I knew Nick before our parents' marriage, which is, now that I think about it, strange. Nick was seventeen, a year older than me. I used to share a few classes with him, like Literature and Algebra. We also had mutual friends, but we'd never had a real conversation. That is, until our parents met during my parent–teacher conference, where Joseph was covering for my ill homeroom teacher.

The process of their relationship was quite odd to me. It was rather very soon after my biological father had left us. I saw it as a rebound relationship, although my mother saw it as pure love. It never made sense to me, but it was undeniably better than her last relationship, the seventeen-year affair that I was involved in. That relationship of which I was born, named Isla, lost my first tooth, and learned to walk. I was very much involved. The divorce process ended immediately but quite pacifically, no broken hearts. Both had briskly healed, one of the hearts discovering and belonging to another. My biological father was not in the picture anymore, and I thought nothing of it.

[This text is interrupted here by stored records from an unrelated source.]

text \<open>Every edge of the tree is the only edge leaving some vertex set that avoids the root
  (a single leaf, or a whole star), so a closed walk from the root that uses an edge must use it
  at least twice: once to enter the set and once to leave it. Hence a robot cycle of length at
  most \<open>2B\<close> covers at most \<open>B\<close> edges. As the tree has \<open>\<Sum>s = Bk\<close> edges, the \<open>k\<close> cycles of a
  solution cover pairwise disjoint sets of exactly \<open>B\<close> edges. A cycle using an edge of the star
  of item \<open>i\<close> uses its root edge, so each cycle covers complete stars, and the items of these
  stars form a bin of size \<open>B\<close>. Conversely, the stars of a bin of size \<open>B\<close> are toured one
  after another in \<open>2B\<close> steps.\<close>

lemma nat_crossing:
  assumes "P a" "\<not> P b" "a \<le> b"
  shows "\<exists>m. a \<le> m \<and> m < b \<and> P m \<and> \<not> P (Suc m)"
  using dec_induct[of a b P] assms by blast

lemma two_card_image_le:
  assumes "finite A" and "\<And>a. a \<in> A \<Longrightarrow> \<exists>b\<in>A. b \<noteq> a \<and> f b = f a"
  shows "2 * card (f ` A) \<le> card A"
proof -
  have fibres: "A = (\<Union>d\<in>f ` A. {a\<in>A. f a = d})" by auto
  have "card A = (\<Sum>d\<in>f ` A. card {a\<in>A. f a = d})"
    by (subst fibres, rule card_UN_disjoint) (use assms(1) in auto)
  moreover have "2 \<le> card {a\<in>A. f a = d}" if d: "d \<in> f ` A" for d
  proof -
    obtain a b where "a \<in> A" "b \<in> A" "b \<noteq> a" "f a = d" "f b = d"
      using d assms(2) by blast
    then have "{a, b} \<subseteq> {a\<in>A. f a = d}" by auto
    with \<open>b \<noteq> a\<close> show ?thesis
      using card_mono[of "{a\<in>A. f a = d}" "{a, b}"] assms(1) by simp
  qed
  ultimately show ?thesis
    using sum_mono[of "f ` A" "\<lambda>_. 2::nat" "\<lambda>d. card {a\<in>A. f a = d}"] by simp
qed

lemma is_path_Cons_Cons: "is_path E (x # y # zs) \<longleftrightarrow> {x, y} \<in> E \<and> is_path E (y # zs)"
proof
  assume "is_path E (x # y # zs)"
  then have step: "{(x # y # zs) ! t, (x # y # zs) ! Suc t} \<in> E"
    if "Suc t < length (x # y # zs)" for t
    using that by (simp add: is_path_def)
  show "{x, y} \<in> E \<and> is_path E (y # zs)"
    using step[of 0] step[of "Suc t" for t] by (simp add: is_path_def)
next
  assume "{x, y} \<in> E \<and> is_path E (y # zs)"
  then show "is_path E (x # y # zs)"
    unfolding is_path_def by (auto simp: less_Suc_eq_0_disj)
qed

lemma is_path_append:
  "is_path E (xs @ [z]) \<Longrightarrow> is_path E (z # ys) \<Longrightarrow> is_path E (xs @ z # ys)"
proof (induction xs)
  case (Cons a xs)
  then show ?case by (cases xs) (simp_all add: is_path_Cons_Cons)
qed simp

lemma traverses_append_Cons_Cons: "traverses (xs @ a # b # ys) {a, b}"
  unfolding traverses_def by (rule exI[of _ "length xs"]) (simp add: nth_append)

definition traversed_edges :: "'v list \<Rightarrow> 'v set set" where
  "traversed_edges ps = {e. traverses ps e}"

lemma traversed_edges_eq_image:
  "traversed_edges ps = (\<lambda>t. {ps ! t, ps ! Suc t}) ` {..<path_len ps}"
  unfolding traversed_edges_def traverses_def path_len_def by (auto simp: less_diff_conv)

lemma finite_traversed_edges: "finite (traversed_edges ps)"
  by (simp add: traversed_edges_eq_image)

lemma traversed_edges_subset: "is_path E ps \<Longrightarrow> traversed_edges ps \<subseteq> E"
  unfolding traversed_edges_def traverses_def is_path_def by auto

definition only_edge_leaving :: "'v set set \<Rightarrow> 'v set \<Rightarrow> 'v \<Rightarrow> 'v \<Rightarrow> bool" where
  "only_edge_leaving E S x y \<longleftrightarrow>
     x \<in> S \<and> y \<notin> S \<and> (\<forall>u v. {u, v} \<in> E \<longrightarrow> u \<in> S \<longrightarrow> v \<notin> S \<longrightarrow> {u, v} = {x, y})"

lemma path_enters_through_only_edge:
  assumes "is_path E ps" "only_edge_leaving E S x y"
    and "hd ps \<notin> S" "p < length ps" "ps ! p \<in> S"
  shows "\<exists>t<p. {ps ! t, ps ! Suc t} = {x, y}"
proof -
  have "ps ! 0 \<notin> S" using assms(1,3) by (simp add: is_path_def hd_conv_nth)
  then obtain m where m: "m < p" "ps ! m \<notin> S" "ps ! Suc m \<in> S"
    using nat_crossing[of "\<lambda>m. ps ! m \<notin> S" 0 p] assms(5) by auto
  have "{ps ! Suc m, ps ! m} \<in> E"
    using assms(1,4) m(1) by (simp add: is_path_def insert_commute)
  then have "{ps ! Suc m, ps ! m} = {x, y}"
    using assms(2) m unfolding only_edge_leaving_def by blast
  with m(1) show ?thesis by (auto simp: insert_commute)
qed

lemma path_leaves_through_only_edge:
  assumes "is_path E ps" "only_edge_leaving E S x y"
    and "last ps \<notin> S" "p < length ps" "ps ! p \<in> S"
  shows "\<exists>t\<ge>p. Suc t < length ps \<and> {ps ! t, ps ! Suc t} = {x, y}"
proof -
  have "ps ! (length ps - 1) \<notin> S" using assms(1,3) by (simp add: is_path_def last_conv_nth)
  moreover have "p \<le> length ps - 1" using assms(4) by simp
  ultimately obtain m where m: "p \<le> m" "m < length ps - 1" "ps ! m \<in> S" "ps ! Suc m \<notin> S"
    using nat_crossing[of "\<lambda>m. ps ! m \<in> S" p "length ps - 1"] assms(5) by blast
  have "{ps ! m, ps ! Suc m} \<in> E" using assms(1) m(2) by (simp add: is_path_def)
  then have "{ps ! m, ps ! Suc m} = {x, y}"
    using assms(2) m unfolding only_edge_leaving_def by blast
  with m show ?thesis by auto
qed

lemma robot_cycle_traverses_only_edge_twice:
  assumes "robot_cycle E r ps" "only_edge_leaving E S x y" "r \<notin> S"
    and "Suc t < length ps" "{ps ! t, ps ! Suc t} = {x, y}"
  shows "\<exists>t'. t' \<noteq> t \<and> Suc t' < length ps \<and> {ps ! t', ps ! Suc t'} = {x, y}"
proof -
  have p: "is_path E ps" "hd ps \<notin> S" "last ps \<notin> S"
    using assms(1,3) by (auto simp: robot_cycle_def)
  have "x \<in> S" "y \<notin> S" using assms(2) by (auto simp: only_edge_leaving_def)
  then consider "ps ! t = x" | "ps ! Suc t = x"
    using assms(5) by (auto simp: doubleton_eq_iff)
  then show ?thesis
  proof cases
    case 1
    with \<open>x \<in> S\<close> show ?thesis
      using path_enters_through_only_edge[OF p(1) assms(2) p(2), of t] assms(4) by force
  next
    case 2
    with \<open>x \<in> S\<close> show ?thesis
      using path_leaves_through_only_edge[OF p(1) assms(2) p(3), of "Suc t"] assms(4) by force
  qed
qed

text \<open>Each traversed edge is the image of at least two steps of the walk.\<close>
lemma robot_cycle_card_traversed_edges:
  assumes "robot_cycle E r ps"
    and "\<And>e. e \<in> E \<Longrightarrow> \<exists>x y S. e = {x, y} \<and> r \<notin> S \<and> only_edge_leaving E S x y"
  shows "2 * card (traversed_edges ps) \<le> path_len ps"
proof -
  define step where "step t = {ps ! t, ps ! Suc t}" for t
  have "2 * card (step ` {..<path_len ps}) \<le> card {..<path_len ps}"
  proof (rule two_card_image_le)
    fix t assume t: "t \<in> {..<path_len ps}"
    then have "step t \<in> E"
      using assms(1) traversed_edges_subset traversed_edges_eq_image
      unfolding robot_cycle_def step_def by blast
    then obtain x y S where "step t = {x, y}" "r \<notin> S" "only_edge_leaving E S x y"
      using assms(2) by blast
    with t show "\<exists>t'\<in>{..<path_len ps}. t' \<noteq> t \<and> step t' = step t"
      using robot_cycle_traverses_only_edge_twice[OF assms(1), of S x y t]
      unfolding step_def path_len_def by fastforce
  qed simp
  then show ?thesis by (simp add: traversed_edges_eq_image step_def)
qed

lemma card_eq_bound_if_card_UN_ge:
  assumes "finite J" "\<And>j. j \<in> J \<Longrightarrow> card (D j) \<le> b"
    and "b * card J \<le> card (\<Union>j\<in>J. D j)" and "j \<in> J"
  shows "card (D j) = b"
proof (rule ccontr)
  assume "card (D j) \<noteq> b"
  with assms(2,4) have "card (D j) < b" by fastforce
  then have "(\<Sum>j\<in>J. card (D j)) < (\<Sum>j\<in>J. b)"
    using assms(1,2,4) by (intro sum_strict_mono_ex1) auto
  moreover have "card (\<Union>j\<in>J. D j) \<le> (\<Sum>j\<in>J. card (D j))"
    using assms(1) by (rule card_UN_le)
  ultimately show False using assms(3) by (simp add: mult.commute)
qed

lemma disjoint_if_card_UN_ge:
  assumes "finite J" "\<And>j. j \<in> J \<Longrightarrow> finite (D j)" "\<And>j. j \<in> J \<Longrightarrow> card (D j) \<le> b"
    and "b * card J \<le> card (\<Union>j\<in>J. D j)" and "a \<in> J" "c \<in> J" "a \<noteq> c"
  shows "D a \<inter> D c = {}"
proof (rule ccontr)
  assume "D a \<inter> D c \<noteq> {}"
  then have "D a - D c \<subset> D a" by blast
  then have "card (D a - D c) < card (D a)"
    using assms(2,5) by (simp add: psubset_card_mono)
  also have "\<dots> \<le> b" using assms(3,5) .
  finally have less: "card (D a - D c) < b" .
  have "(\<Union>j\<in>J. D j) \<subseteq> (D a - D c) \<union> (\<Union>j\<in>J - {a}. D j)"
    using assms(6,7) by blast
  then have "card (\<Union>j\<in>J. D j) \<le> card ((D a - D c) \<union> (\<Union>j\<in>J - {a}. D j))"
    using assms(1,2,5) by (intro card_mono) auto
  also have "\<dots> \<le> card (D a - D c) + card (\<Union>j\<in>J - {a}. D j)"
    by (rule card_Un_le)
  also have "card (\<Union>j\<in>J - {a}. D j) \<le> (\<Sum>j\<in>J - {a}. card (D j))"
    using assms(1) by (intro card_UN_le) simp
  also have "\<dots> \<le> (card J - 1) * b"
    using sum_mono[of "J - {a}" "\<lambda>j. card (D j)" "\<lambda>_. b"] assms(1,3,5) by simp
  finally have "card (\<Union>j\<in>J. D j) < b + (card J - 1) * b" using less by linarith
  also have "\<dots> = b * card J"
    using assms(1,5) by (cases "card J") (auto simp: card_gt_0_iff[symmetric] algebra_simps)
  finally show False using assms(4) by simp
qed

definition star_edges :: "('a \<Rightarrow> nat) \<Rightarrow> 'a \<Rightarrow> 'a tvert set set" where
  "star_edges s i = insert {Root, Ctr i} ((\<lambda>j. {Ctr i, Lf i j}) ` {1..<s i})"

lemma tree_edges_eq_UN_star_edges: "tree_edges I s = (\<Union>i\<in>I. star_edges s i)"
  unfolding tree_edges_def star_edges_def by fastforce

lemma finite_star_edges: "finite (star_edges s i)"
  by (simp add: star_edges_def)

lemma star_edges_disjoint: "i \<noteq> i' \<Longrightarrow> star_edges s i \<inter> star_edges s i' = {}"
  unfolding star_edges_def by (auto simp: doubleton_eq_iff)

The relationship between Joseph and my mother developed rapidly, starting with dinners and flourishing to a wedding. Camille's second marriage took place one month ago, where I was chosen to be the maid of honour. Moving around the rented garden in a lengthy lilac-coloured dress, I thought the entire event was beautiful. Despite the elegance of my dress, it didn't stand a chance against my mother's. Her exquisite white gown reached her dazzling silver heels, and the pearls woven into the bodice of the dress complemented her jewellery finely. She was dressed to impress, and the dress did beyond impressing.

Soon after the wedding, Joseph and his son were all settled in our house. It was no doubt a big house; fifteen rooms and seven bedrooms spread over four floors. The five-hundred-sixty-one-meter squared area had soaring ceilings and a superb master suite. You could call it a mansion, an exceptional one.

I was beyond grateful for all we had, and no complaints ever left my mouth, but something about San Francisco always left me stunned. It may have been the people, the view of the Golden Gate Bridge, or simply the art that came along with the name "San Francisco". Childhood memories rushed to the surface: my face stuffed in pink cotton candy, the smell of fish when we were in Chinatown, the moment we hit the top of those cherished Ferris wheels, and the feel of my bare toddler feet in the water of Baker Beach. They were memories that always blossomed in my mind whenever I took the first step out of San Francisco International Airport.

As we stepped out of the glass-fronted airport, my mind was reeling.We were all standing in a line, each holding a carry-on bag in one hand. I wondered if Nick had ever been in California; his astonished gaze made me think otherwise. It seemed that the pain from the past fourteen hours glued to the airplane seat had utterly vanished, instantly replaced with awe.